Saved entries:
(* Let $\omega=\{\omega_k\}_{k\in\mathbb{N}}$ be a sequence of positive real numbers with $\omega_0=1$, such that there is a constant $C>1$ with $\omega_k\le Ck^2$ and $\omega_k\le\omega_{k+1}$ for all $k\in\mathbb{N}$. Let $H^2_\omega$ be the space of holomorphic functions $f(z)=\sum_{k\ge0}\hat f(k)z^k$ on the unit disc $\mathbb{D}$ with finite norm $\|f\|_\omega=\left(\sum_{k\ge0}|\hat f(k)|^2\omega_k\right)^{1/2}$. Let $f\in H^2_\omega$. Consider the conditions: (a) $\|f\|_\omega=1$ and for every integer $k\ge1$ and every $\lambda\in\mathbb{C}$, $$\|f\,g_{k,\lambda}\|_\omega^2\le \omega_k+|\lambda|^2,\qquad\text{where } g_{k,\lambda}(z)=z^k+\lambda;$$ (b) $\|f\|_\omega=\|f\|_{M}=1$, where $\|f\|_M$ denotes the multiplier norm of $f$ on $H^2_\omega$. Then (b) implies (a), and (a) implies that $f$ is $H^2_\omega$-inner, i.e. $\langle z^j f,f\rangle_\omega=\delta_{0,j}$ for all $j\in\mathbb{N}$.
   Context: $\mathbb{N}=\{0,1,2,\dots\}$. The inner product on $H^2_\omega$ is $\langle f,g\rangle_\omega=\sum_{k\ge0}\hat f(k)\overline{\hat g(k)}\,\omega_k$, and $\delta_{0,j}$ is the Kronecker delta. A holomorphic function $h$ on $\mathbb{D}$ is a multiplier of $H^2_\omega$ if $g\mapsto hg$ is a bounded operator on $H^2_\omega$; its multiplier norm $\|h\|_M$ is the operator norm of this multiplication operator (condition (b) in particular requires $f$ to be a multiplier). Such spaces $H^2_\omega$ coincide with Dirichlet-type spaces $D_\mu$ with radial measure $\mu$, whose norm is $\|f\|_{H^2}^2+\int_{\mathbb{D}}|f'|^2\,d\mu$. *)

theory Defs
  imports "HOL-Analysis.Analysis"
begin

definition tcoeff :: "(complex \<Rightarrow> complex) \<Rightarrow> nat \<Rightarrow> complex" where
  "tcoeff f k = (deriv ^^ k) f 0 / of_nat (fact k)"

definition in_H2w :: "(nat \<Rightarrow> real) \<Rightarrow> (complex \<Rightarrow> complex) \<Rightarrow> bool" where
  "in_H2w \<omega> f \<longleftrightarrow> f holomorphic_on ball 0 1 \<and>
     summable (\<lambda>k. (cmod (tcoeff f k))^2 * \<omega> k)"

definition normw :: "(nat \<Rightarrow> real) \<Rightarrow> (complex \<Rightarrow> complex) \<Rightarrow> real" where
  "normw \<omega> f = sqrt (\<Sum>k. (cmod (tcoeff f k))^2 * \<omega> k)"

definition innerw :: "(nat \<Rightarrow> real) \<Rightarrow> (complex \<Rightarrow> complex) \<Rightarrow> (complex \<Rightarrow> complex) \<Rightarrow> complex" where
  "innerw \<omega> f g = (\<Sum>k. tcoeff f k * cnj (tcoeff g k) * complex_of_real (\<omega> k))"

definition is_multiplier :: "(nat \<Rightarrow> real) \<Rightarrow> (complex \<Rightarrow> complex) \<Rightarrow> bool" where
  "is_multiplier \<omega> h \<longleftrightarrow> h holomorphic_on ball 0 1 \<and>
     (\<exists>B. \<forall>g. in_H2w \<omega> g \<longrightarrow> in_H2w \<omega> (\<lambda>z. h z * g z) \<and>
                 normw \<omega> (\<lambda>z. h z * g z) \<le> B * normw \<omega> g)"

definition mult_norm :: "(nat \<Rightarrow> real) \<Rightarrow> (complex \<Rightarrow> complex) \<Rightarrow> real" where
  "mult_norm \<omega> h = (SUP g \<in> {g. in_H2w \<omega> g \<and> normw \<omega> g \<le> 1}. normw \<omega> (\<lambda>z. h z * g z))"

end

theory Submission
  imports Defs "HOL-Complex_Analysis.Complex_Analysis"
begin

text \<open>(b) \<open>\<Longrightarrow>\<close> (a): a multiplier of norm 1 does not increase the norm of \<open>z\<^sup>k + \<lambda>\<close>, whose
  squared norm is \<open>\<omega>\<^sub>k + |\<lambda>|\<^sup>2\<close> because \<open>\<omega>\<^sub>0 = 1\<close>.
  (a) \<open>\<Longrightarrow>\<close> inner: expanding \<open>\<parallel>z\<^sup>j f + \<lambda> f\<parallel>\<^sup>2\<close> with \<open>\<parallel>f\<parallel> = 1\<close>, condition (a) says
  \<open>2 Re (\<lambda>\<^sup>* \<langle>z\<^sup>j f, f\<rangle>) \<le> \<omega>\<^sub>j - \<parallel>z\<^sup>j f\<parallel>\<^sup>2\<close> for every \<open>\<lambda>\<close>; a real-linear functional
  bounded above on all of \<open>\<complex>\<close> vanishes, so \<open>\<langle>z\<^sup>j f, f\<rangle> = 0\<close> for \<open>j \<ge> 1\<close>.\<close>

lemma tcoeff_add:
  assumes "f holomorphic_on ball 0 1" "g holomorphic_on ball 0 1"
  shows "tcoeff (\<lambda>z. f z + g z) n = tcoeff f n + tcoeff g n"
  unfolding tcoeff_def
  using higher_deriv_add[OF assms open_ball, of 0 n] by (simp add: add_divide_distrib)

lemma tcoeff_cmult:
  assumes "f holomorphic_on ball 0 1"
  shows "tcoeff (\<lambda>z. c * f z) n = c * tcoeff f n"
  unfolding tcoeff_def
  using higher_deriv_cmult[OF assms _ open_ball, of 0 n c] by simp

lemma tcoeff_power: "tcoeff (\<lambda>z. z ^ k) n = (if n = k then 1 else 0)"
proof -
  have "(deriv ^^ n) (\<lambda>w. w ^ k) 0 = pochhammer (of_nat (Suc k - n)) n * (0::complex) ^ (k - n)"
    using higher_deriv_power[of n 0 k 0] by simp
  also have "\<dots> = (if n = k then fact k else 0)"
  proof (cases n k rule: linorder_cases)
    case greater
    then have "Suc k - n = 0" by simp
    with greater show ?thesis by (simp add: pochhammer_0_left)
  qed (simp_all add: pochhammer_fact)
  finally show ?thesis unfolding tcoeff_def by simp
qed

lemma tcoeff_const: "tcoeff (\<lambda>z. c) n = (if n = 0 then c else 0)"
  unfolding tcoeff_def by simp

lemma normw_nonneg:
  assumes "in_H2w \<omega> h" "\<And>n. \<omega> n \<ge> 0"
  shows "normw \<omega> h \<ge> 0"
  using assms unfolding in_H2w_def normw_def
  by (intro real_sqrt_ge_zero suminf_nonneg) auto

lemma power2_normw:
  assumes "in_H2w \<omega> h" "\<And>n. \<omega> n \<ge> 0"
  shows "(normw \<omega> h)\<^sup>2 = (\<Sum>k. (cmod (tcoeff h k))\<^sup>2 * \<omega> k)"
  using assms unfolding in_H2w_def normw_def
  by (intro real_sqrt_pow2 suminf_nonneg) auto

lemma in_H2w_cmult:
  assumes "in_H2w \<omega> h"
  shows "in_H2w \<omega> (\<lambda>z. a * h z)"
proof -
  have hol: "h holomorphic_on ball 0 1" using assms unfolding in_H2w_def by auto
  have "summable (\<lambda>k. (cmod a)\<^sup>2 * ((cmod (tcoeff h k))\<^sup>2 * \<omega> k))"
    using assms unfolding in_H2w_def by (intro summable_mult) auto
  then show ?thesis using hol unfolding in_H2w_def
    by (simp add: tcoeff_cmult[OF hol] norm_mult power_mult_distrib mult.assoc holomorphic_on_mult)
qed

lemma normw_cmult:
  assumes "in_H2w \<omega> h"
  shows "normw \<omega> (\<lambda>z. a * h z) = cmod a * normw \<omega> h"
proof -
  have hol: "h holomorphic_on ball 0 1" using assms unfolding in_H2w_def by auto
  have sm: "summable (\<lambda>k. (cmod (tcoeff h k))\<^sup>2 * \<omega> k)" using assms unfolding in_H2w_def by auto
  have "normw \<omega> (\<lambda>z. a * h z) = sqrt (\<Sum>k. (cmod a)\<^sup>2 * ((cmod (tcoeff h k))\<^sup>2 * \<omega> k))"
    unfolding normw_def by (simp add: tcoeff_cmult[OF hol] norm_mult power_mult_distrib mult.assoc)
  also have "\<dots> = sqrt ((cmod a)\<^sup>2 * (\<Sum>k. (cmod (tcoeff h k))\<^sup>2 * \<omega> k))"
    by (simp add: suminf_mult[OF sm])
  also have "\<dots> = cmod a * normw \<omega> h"
    unfolding normw_def by (simp add: real_sqrt_mult)
  finally show ?thesis .
qed

lemma innerw_self:
  assumes "in_H2w \<omega> h"
  shows "innerw \<omega> h h = complex_of_real (\<Sum>k. (cmod (tcoeff h k))\<^sup>2 * \<omega> k)"
proof -
  have "innerw \<omega> h h = (\<Sum>k. complex_of_real ((cmod (tcoeff h k))\<^sup>2 * \<omega> k))"
    unfolding innerw_def by (simp add: complex_norm_square[symmetric] mult.commute)
  also have "\<dots> = complex_of_real (\<Sum>k. (cmod (tcoeff h k))\<^sup>2 * \<omega> k)"
    using assms unfolding in_H2w_def by (intro suminf_of_real[symmetric]) auto
  finally show ?thesis .
qed

lemma sums_weighted_coeffs_monomial_plus_const:
  assumes "k \<ge> 1" "\<omega> 0 = 1"
  shows "(\<lambda>n. (cmod (tcoeff (\<lambda>z. z ^ k + c) n))\<^sup>2 * \<omega> n) sums (\<omega> k + (cmod c)\<^sup>2)"
proof -
  have coeff: "tcoeff (\<lambda>z. z ^ k + c) n = (if n = k then 1 else 0) + (if n = 0 then c else 0)" for n
    by (subst tcoeff_add) (auto simp: tcoeff_power tcoeff_const intro!: holomorphic_intros)
  have "(\<lambda>n. (cmod (tcoeff (\<lambda>z. z ^ k + c) n))\<^sup>2 * \<omega> n) sums
          (\<Sum>n\<in>{0, k}. (cmod (tcoeff (\<lambda>z. z ^ k + c) n))\<^sup>2 * \<omega> n)"
    by (rule sums_finite) (auto simp: coeff)
  also have "(\<Sum>n\<in>{0, k}. (cmod (tcoeff (\<lambda>z. z ^ k + c) n))\<^sup>2 * \<omega> n) = \<omega> k + (cmod c)\<^sup>2"
    using assms by (simp add: coeff)
  finally show ?thesis .
qed

lemma in_H2w_monomial_plus_const:
  assumes "k \<ge> 1" "\<omega> 0 = 1"
  shows "in_H2w \<omega> (\<lambda>z. z ^ k + c)"
  using sums_summable[OF sums_weighted_coeffs_monomial_plus_const[where \<omega> = \<omega>, OF assms]]
  unfolding in_H2w_def by (auto intro!: holomorphic_intros)

lemma power2_normw_monomial_plus_const:
  assumes "k \<ge> 1" "\<omega> 0 = 1" "\<And>n. \<omega> n \<ge> 0"
  shows "(normw \<omega> (\<lambda>z. z ^ k + c))\<^sup>2 = \<omega> k + (cmod c)\<^sup>2"
  using power2_normw[OF in_H2w_monomial_plus_const[where \<omega> = \<omega>, OF assms(1,2)] assms(3)]
    sums_unique[OF sums_weighted_coeffs_monomial_plus_const[where \<omega> = \<omega>, OF assms(1,2)]]
  by simp

lemma normw_mult_le_if_mult_norm_le_1:
  assumes M: "is_multiplier \<omega> f" and MN: "mult_norm \<omega> f \<le> 1" and g: "in_H2w \<omega> g"
    and w: "\<And>n. \<omega> n \<ge> 0"
  shows "in_H2w \<omega> (\<lambda>z. f z * g z) \<and> normw \<omega> (\<lambda>z. f z * g z) \<le> normw \<omega> g"
proof -
  obtain B where B: "\<And>g. in_H2w \<omega> g \<Longrightarrow> in_H2w \<omega> (\<lambda>z. f z * g z) \<and>
                 normw \<omega> (\<lambda>z. f z * g z) \<le> B * normw \<omega> g"
    using M unfolding is_multiplier_def by blast
  have bdd: "bdd_above ((\<lambda>g. normw \<omega> (\<lambda>z. f z * g z)) ` {g. in_H2w \<omega> g \<and> normw \<omega> g \<le> 1})"
  proof (rule bdd_aboveI2)
    fix h assume h: "h \<in> {g. in_H2w \<omega> g \<and> normw \<omega> g \<le> 1}"
    then have "normw \<omega> (\<lambda>z. f z * h z) \<le> B * normw \<omega> h" using B by blast
    also have "\<dots> \<le> \<bar>B\<bar> * 1"
      using normw_nonneg[of \<omega> h] h w by (intro mult_mono) auto
    finally show "normw \<omega> (\<lambda>z. f z * h z) \<le> \<bar>B\<bar>" by simp
  qed
  have "normw \<omega> (\<lambda>z. f z * g z) \<le> normw \<omega> g"
  proof (cases "normw \<omega> g = 0")
    case True
    then show ?thesis using B[OF g] by simp
  next
    case False
    define s where "s = normw \<omega> g"
    have s: "s > 0" using False normw_nonneg[OF g w] s_def by simp
    define h where "h = (\<lambda>z. complex_of_real (1/s) * g z)"
    have h: "in_H2w \<omega> h" unfolding h_def by (rule in_H2w_cmult[OF g])
    have "normw \<omega> h = 1" unfolding h_def normw_cmult[OF g] using s s_def by (simp add: norm_divide)
    then have "normw \<omega> (\<lambda>z. f z * h z) \<le> mult_norm \<omega> f"
      unfolding mult_norm_def using h by (intro cSUP_upper[OF _ bdd]) auto
    then have fh: "normw \<omega> (\<lambda>z. f z * h z) \<le> 1" using MN by simp
    have "(\<lambda>z. f z * g z) = (\<lambda>z. complex_of_real s * (f z * h z))"
      using s by (auto simp: h_def fun_eq_iff)
    then have "normw \<omega> (\<lambda>z. f z * g z) = s * normw \<omega> (\<lambda>z. f z * h z)"
      using normw_cmult[of \<omega> "\<lambda>z. f z * h z"] B[OF h] s by simp
    also have "\<dots> \<le> s" using fh s by (simp add: mult_left_le)
    finally show ?thesis using s_def by simp
  qed
  with B[OF g] show ?thesis by blast
qed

TO DO
Beginning at the line with "define h where" and ending at the line with "using normw_cmult[of \<omega>", reproduce each line of the data above exactly, and add no other lines.

SOLVED PROBLEM
    define h where "h = (\<lambda>z. complex_of_real (1/s) * g z)"
    have h: "in_H2w \<omega> h" unfolding h_def by (rule in_H2w_cmult[OF g])
    have "normw \<omega> h = 1" unfolding h_def normw_cmult[OF g] using s s_def by (simp add: norm_divide)
    then have "normw \<omega> (\<lambda>z. f z * h z) \<le> mult_norm \<omega> f"
      unfolding mult_norm_def using h by (intro cSUP_upper[OF _ bdd]) auto
    then have fh: "normw \<omega> (\<lambda>z. f z * h z) \<le> 1" using MN by simp
    have "(\<lambda>z. f z * g z) = (\<lambda>z. complex_of_real s * (f z * h z))"
      using s by (auto simp: h_def fun_eq_iff)
    then have "normw \<omega> (\<lambda>z. f z * g z) = s * normw \<omega> (\<lambda>z. f z * h z)"
      using normw_cmult[of \<omega> "\<lambda>z. f z * h z"] B[OF h] s by simp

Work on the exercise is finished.